- _Stored data_:
━━━━━━━━━━━━━━━━━━━━

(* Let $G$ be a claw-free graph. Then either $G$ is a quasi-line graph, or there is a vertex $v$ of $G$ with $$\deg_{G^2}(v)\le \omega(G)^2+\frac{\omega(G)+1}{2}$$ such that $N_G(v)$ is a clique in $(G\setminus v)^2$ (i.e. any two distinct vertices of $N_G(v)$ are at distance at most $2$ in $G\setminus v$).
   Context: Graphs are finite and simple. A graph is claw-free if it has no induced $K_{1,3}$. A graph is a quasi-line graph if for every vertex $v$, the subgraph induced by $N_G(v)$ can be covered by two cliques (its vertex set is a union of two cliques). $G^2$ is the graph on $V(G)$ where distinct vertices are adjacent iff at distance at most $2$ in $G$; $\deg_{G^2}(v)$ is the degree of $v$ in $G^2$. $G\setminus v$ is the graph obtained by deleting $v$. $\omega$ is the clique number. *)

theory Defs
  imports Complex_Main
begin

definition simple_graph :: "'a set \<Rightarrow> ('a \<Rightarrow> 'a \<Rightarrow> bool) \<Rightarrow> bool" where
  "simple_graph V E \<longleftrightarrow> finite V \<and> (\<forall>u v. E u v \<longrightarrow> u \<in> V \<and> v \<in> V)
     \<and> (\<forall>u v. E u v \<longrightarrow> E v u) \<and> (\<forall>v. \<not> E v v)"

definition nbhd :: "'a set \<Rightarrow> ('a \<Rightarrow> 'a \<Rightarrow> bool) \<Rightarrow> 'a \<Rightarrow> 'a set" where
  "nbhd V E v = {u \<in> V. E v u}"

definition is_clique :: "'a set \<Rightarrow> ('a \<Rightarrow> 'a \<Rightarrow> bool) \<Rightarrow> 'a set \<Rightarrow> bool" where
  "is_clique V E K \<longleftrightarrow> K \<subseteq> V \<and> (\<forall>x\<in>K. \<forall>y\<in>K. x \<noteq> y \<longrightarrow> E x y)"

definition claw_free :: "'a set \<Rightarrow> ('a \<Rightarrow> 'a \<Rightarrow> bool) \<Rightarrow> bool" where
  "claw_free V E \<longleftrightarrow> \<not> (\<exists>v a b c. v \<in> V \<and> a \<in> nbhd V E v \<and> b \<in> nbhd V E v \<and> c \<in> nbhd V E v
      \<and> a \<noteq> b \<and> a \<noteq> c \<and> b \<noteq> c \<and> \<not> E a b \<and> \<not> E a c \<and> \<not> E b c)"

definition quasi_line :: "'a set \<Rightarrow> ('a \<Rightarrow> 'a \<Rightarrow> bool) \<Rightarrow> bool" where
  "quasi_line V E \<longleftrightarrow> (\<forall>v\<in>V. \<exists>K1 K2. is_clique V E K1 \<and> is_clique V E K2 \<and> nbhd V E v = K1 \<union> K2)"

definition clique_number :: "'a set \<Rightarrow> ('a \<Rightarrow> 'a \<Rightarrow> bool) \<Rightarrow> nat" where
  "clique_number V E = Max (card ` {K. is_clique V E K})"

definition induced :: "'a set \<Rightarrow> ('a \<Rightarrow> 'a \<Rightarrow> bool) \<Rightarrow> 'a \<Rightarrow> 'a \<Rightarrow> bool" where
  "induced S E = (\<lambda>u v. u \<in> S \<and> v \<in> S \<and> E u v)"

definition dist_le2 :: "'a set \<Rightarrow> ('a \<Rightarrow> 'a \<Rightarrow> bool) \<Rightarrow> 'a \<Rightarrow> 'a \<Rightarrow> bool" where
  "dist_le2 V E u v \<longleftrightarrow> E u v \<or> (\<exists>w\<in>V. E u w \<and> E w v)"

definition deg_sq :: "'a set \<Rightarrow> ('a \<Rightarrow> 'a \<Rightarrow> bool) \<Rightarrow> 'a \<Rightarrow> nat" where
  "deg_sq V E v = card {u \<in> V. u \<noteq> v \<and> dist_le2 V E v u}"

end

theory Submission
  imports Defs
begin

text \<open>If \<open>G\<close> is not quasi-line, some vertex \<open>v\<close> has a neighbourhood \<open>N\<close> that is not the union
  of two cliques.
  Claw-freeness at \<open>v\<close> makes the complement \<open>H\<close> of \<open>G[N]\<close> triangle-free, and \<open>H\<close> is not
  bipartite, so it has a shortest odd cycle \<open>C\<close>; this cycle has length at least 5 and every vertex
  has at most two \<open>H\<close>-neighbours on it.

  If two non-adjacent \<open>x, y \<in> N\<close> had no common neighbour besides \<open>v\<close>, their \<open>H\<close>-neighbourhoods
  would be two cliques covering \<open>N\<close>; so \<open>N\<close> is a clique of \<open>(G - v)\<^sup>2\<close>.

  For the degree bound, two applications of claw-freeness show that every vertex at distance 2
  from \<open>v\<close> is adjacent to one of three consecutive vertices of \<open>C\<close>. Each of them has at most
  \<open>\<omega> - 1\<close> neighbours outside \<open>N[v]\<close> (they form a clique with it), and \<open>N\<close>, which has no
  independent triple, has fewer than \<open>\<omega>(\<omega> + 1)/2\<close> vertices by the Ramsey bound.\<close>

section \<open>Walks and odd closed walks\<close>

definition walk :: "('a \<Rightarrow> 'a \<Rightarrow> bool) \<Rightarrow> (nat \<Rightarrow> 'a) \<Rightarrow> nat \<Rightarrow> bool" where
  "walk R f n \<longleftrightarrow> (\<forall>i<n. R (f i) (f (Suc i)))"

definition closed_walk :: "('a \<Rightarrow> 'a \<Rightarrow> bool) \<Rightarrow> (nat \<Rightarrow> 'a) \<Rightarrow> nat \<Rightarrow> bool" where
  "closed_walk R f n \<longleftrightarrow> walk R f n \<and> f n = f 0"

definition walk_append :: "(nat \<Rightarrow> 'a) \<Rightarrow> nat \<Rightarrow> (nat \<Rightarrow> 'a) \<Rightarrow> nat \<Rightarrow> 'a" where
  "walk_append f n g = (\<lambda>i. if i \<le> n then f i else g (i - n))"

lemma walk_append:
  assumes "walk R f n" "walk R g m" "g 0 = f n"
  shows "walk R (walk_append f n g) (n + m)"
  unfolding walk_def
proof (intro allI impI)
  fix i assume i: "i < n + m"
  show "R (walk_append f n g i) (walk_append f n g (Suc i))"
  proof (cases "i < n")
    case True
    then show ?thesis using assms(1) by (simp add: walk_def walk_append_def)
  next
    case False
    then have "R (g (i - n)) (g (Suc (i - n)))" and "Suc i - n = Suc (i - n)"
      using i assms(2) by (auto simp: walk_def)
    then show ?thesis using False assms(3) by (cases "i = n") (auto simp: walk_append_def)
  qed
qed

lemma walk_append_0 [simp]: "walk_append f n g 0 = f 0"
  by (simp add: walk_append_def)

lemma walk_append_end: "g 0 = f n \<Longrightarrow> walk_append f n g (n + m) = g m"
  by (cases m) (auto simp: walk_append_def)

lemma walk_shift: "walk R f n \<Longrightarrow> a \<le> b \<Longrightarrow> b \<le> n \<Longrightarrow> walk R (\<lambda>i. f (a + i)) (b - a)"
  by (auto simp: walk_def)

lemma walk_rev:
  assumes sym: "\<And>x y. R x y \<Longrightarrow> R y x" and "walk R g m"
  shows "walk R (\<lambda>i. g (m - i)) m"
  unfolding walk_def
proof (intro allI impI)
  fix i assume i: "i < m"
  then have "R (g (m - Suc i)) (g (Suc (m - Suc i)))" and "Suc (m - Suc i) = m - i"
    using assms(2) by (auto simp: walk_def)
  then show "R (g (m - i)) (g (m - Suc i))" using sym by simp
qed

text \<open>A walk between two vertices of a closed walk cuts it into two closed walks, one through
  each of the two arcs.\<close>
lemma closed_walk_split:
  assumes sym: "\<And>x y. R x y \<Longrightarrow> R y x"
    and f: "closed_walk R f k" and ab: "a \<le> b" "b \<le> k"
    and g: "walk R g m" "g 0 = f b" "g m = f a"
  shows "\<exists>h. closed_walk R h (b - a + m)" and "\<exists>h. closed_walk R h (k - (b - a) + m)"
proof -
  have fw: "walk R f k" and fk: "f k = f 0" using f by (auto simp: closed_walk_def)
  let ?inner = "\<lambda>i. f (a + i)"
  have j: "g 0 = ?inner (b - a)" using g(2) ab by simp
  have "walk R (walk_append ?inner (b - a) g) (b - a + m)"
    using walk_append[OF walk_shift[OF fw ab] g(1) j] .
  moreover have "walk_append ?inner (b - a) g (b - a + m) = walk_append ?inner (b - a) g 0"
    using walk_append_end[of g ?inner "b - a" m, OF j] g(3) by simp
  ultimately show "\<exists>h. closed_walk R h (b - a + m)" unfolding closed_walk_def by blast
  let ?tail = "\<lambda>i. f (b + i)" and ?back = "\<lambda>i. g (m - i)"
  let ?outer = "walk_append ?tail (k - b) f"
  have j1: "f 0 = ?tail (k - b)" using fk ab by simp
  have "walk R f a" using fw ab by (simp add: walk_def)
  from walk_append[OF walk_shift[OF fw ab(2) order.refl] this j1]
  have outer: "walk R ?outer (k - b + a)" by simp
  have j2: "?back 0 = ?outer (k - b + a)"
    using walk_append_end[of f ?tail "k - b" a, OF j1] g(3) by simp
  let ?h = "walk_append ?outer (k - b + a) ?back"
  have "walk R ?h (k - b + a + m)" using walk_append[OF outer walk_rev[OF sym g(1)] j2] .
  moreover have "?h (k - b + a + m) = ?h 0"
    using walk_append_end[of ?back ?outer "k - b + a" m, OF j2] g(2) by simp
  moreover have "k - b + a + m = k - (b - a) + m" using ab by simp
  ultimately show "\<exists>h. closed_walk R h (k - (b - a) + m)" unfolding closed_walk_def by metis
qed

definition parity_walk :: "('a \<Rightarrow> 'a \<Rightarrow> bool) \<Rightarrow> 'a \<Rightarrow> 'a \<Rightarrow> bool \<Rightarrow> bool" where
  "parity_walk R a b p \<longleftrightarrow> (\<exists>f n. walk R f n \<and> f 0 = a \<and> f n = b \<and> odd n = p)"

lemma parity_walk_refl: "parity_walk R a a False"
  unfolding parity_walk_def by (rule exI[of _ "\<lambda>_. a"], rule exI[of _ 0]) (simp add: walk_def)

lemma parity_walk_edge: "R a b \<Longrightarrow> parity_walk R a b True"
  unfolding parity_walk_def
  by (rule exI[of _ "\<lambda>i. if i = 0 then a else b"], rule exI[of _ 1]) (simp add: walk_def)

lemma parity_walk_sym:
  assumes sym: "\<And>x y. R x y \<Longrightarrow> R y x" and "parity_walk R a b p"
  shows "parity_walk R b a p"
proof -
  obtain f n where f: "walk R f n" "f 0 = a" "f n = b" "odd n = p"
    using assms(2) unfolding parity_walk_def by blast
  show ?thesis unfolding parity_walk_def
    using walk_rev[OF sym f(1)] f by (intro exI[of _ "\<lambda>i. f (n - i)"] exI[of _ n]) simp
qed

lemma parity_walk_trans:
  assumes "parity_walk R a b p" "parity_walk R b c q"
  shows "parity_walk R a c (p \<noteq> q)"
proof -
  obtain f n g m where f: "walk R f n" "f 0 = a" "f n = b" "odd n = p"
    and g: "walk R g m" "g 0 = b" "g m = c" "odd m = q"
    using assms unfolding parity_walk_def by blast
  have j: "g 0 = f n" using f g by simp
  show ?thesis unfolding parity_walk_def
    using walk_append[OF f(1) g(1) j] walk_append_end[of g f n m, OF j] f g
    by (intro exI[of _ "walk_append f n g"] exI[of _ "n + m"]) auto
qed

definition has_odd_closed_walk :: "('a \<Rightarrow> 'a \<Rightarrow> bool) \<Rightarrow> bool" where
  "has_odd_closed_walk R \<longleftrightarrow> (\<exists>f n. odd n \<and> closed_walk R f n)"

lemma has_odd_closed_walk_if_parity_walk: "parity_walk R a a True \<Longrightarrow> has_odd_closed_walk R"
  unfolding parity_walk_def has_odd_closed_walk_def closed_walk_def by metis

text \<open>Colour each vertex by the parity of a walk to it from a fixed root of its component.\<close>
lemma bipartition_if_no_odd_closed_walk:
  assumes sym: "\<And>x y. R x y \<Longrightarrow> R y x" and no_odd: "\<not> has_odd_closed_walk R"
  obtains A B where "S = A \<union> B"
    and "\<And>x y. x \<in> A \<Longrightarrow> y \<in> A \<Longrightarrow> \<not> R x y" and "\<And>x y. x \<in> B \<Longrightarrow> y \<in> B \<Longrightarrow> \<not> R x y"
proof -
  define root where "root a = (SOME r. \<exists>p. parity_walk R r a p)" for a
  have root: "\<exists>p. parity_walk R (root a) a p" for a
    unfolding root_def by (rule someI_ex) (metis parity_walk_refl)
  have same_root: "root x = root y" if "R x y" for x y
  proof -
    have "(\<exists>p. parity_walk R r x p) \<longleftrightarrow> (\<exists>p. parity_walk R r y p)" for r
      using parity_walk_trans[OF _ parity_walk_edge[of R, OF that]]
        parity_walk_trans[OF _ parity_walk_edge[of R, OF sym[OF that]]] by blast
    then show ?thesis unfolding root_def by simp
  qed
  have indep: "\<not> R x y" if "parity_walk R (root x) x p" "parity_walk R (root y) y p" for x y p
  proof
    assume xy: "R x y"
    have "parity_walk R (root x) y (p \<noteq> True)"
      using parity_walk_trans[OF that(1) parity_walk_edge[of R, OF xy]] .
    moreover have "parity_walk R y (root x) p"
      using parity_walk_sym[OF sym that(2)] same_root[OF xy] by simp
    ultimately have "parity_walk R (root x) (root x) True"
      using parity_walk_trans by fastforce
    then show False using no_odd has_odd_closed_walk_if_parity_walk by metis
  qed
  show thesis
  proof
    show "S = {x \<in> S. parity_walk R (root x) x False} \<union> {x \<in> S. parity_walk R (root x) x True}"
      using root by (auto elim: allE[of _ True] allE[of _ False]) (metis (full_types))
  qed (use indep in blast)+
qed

━━━━━━━━━━━━━━━━━━━━

- _Problem statement_:
Count the lines of the entries that hold the string "assumes", then state that number and nothing more.

- _Problem solution_:
6